Task goal: Which lines of the data below hold "subseteq"? Copy each of them.

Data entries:
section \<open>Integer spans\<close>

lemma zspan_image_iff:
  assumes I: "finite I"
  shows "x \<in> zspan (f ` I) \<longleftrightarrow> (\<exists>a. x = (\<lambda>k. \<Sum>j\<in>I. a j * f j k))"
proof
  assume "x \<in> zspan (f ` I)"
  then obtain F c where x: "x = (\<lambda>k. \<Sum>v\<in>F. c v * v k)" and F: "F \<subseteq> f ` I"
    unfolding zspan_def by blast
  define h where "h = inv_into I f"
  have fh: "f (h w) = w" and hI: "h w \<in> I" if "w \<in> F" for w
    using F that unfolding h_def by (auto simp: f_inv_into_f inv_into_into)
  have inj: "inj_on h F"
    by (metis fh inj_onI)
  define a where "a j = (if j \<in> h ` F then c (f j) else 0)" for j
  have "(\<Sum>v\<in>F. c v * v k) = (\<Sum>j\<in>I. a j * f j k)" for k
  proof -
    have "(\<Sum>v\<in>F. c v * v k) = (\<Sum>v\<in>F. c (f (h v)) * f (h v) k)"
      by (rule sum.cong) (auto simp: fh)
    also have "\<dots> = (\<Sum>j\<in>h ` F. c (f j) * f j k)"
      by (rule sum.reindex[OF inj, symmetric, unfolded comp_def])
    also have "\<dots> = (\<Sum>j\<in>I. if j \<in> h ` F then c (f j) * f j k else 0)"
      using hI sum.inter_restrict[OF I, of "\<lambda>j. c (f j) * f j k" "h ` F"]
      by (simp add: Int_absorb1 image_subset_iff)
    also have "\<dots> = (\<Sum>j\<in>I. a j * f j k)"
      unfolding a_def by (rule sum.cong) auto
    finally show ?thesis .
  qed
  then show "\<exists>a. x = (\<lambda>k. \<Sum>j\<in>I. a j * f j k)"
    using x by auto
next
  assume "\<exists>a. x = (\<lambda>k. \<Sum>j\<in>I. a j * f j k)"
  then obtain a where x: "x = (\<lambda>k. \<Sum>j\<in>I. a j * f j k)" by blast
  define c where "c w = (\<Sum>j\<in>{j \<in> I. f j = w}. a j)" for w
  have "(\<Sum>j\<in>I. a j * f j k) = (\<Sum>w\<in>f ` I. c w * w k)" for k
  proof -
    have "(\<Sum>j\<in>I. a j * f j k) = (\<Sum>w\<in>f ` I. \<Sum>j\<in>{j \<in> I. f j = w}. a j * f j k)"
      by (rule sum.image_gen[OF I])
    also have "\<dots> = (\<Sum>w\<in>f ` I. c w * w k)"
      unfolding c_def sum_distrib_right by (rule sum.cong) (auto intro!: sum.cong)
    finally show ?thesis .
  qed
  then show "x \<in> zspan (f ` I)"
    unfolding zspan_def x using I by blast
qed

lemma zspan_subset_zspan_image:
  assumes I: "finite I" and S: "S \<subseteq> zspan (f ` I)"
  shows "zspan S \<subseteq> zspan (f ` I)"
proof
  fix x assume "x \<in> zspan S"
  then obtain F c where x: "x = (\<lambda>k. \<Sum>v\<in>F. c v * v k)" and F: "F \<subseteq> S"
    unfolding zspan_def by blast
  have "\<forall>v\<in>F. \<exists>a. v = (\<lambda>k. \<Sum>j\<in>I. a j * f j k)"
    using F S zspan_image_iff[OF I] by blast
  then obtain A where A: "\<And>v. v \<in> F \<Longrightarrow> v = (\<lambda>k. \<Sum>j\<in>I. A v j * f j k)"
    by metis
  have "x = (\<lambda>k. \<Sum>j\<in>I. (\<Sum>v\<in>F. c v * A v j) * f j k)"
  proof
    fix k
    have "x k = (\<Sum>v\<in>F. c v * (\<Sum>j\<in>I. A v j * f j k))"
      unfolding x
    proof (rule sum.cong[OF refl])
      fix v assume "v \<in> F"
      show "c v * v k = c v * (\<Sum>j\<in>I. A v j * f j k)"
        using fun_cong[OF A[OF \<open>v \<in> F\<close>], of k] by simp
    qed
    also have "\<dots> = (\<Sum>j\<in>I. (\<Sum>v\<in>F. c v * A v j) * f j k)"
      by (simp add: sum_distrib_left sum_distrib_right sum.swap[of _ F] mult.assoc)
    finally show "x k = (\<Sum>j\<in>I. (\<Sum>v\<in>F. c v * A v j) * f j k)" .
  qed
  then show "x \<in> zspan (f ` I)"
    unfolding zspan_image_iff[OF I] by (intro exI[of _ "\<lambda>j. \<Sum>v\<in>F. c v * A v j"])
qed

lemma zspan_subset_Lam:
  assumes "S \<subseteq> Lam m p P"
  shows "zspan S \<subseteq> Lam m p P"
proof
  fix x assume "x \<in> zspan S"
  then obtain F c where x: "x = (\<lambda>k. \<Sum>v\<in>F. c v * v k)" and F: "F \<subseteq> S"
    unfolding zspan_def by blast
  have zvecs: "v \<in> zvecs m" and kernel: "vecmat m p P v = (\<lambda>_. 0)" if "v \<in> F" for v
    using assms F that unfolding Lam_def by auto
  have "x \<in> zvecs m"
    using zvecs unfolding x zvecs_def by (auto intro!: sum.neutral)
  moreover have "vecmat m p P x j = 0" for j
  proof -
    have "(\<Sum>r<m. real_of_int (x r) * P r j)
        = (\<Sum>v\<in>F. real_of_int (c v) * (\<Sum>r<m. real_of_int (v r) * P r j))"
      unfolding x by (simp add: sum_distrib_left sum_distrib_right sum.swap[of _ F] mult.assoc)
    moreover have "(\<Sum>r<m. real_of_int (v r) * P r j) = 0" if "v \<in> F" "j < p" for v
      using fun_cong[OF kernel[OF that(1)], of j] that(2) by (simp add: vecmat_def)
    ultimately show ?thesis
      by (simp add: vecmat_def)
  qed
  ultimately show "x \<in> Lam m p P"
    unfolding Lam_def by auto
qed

Exercise response:
  then obtain F c where x: "x = (\<lambda>k. \<Sum>v\<in>F. c v * v k)" and F: "F \<subseteq> f ` I"
  assumes I: "finite I" and S: "S \<subseteq> zspan (f ` I)"
  shows "zspan S \<subseteq> zspan (f ` I)"
  then obtain F c where x: "x = (\<lambda>k. \<Sum>v\<in>F. c v * v k)" and F: "F \<subseteq> S"
  assumes "S \<subseteq> Lam m p P"
  shows "zspan S \<subseteq> Lam m p P"
  then obtain F c where x: "x = (\<lambda>k. \<Sum>v\<in>F. c v * v k)" and F: "F \<subseteq> S"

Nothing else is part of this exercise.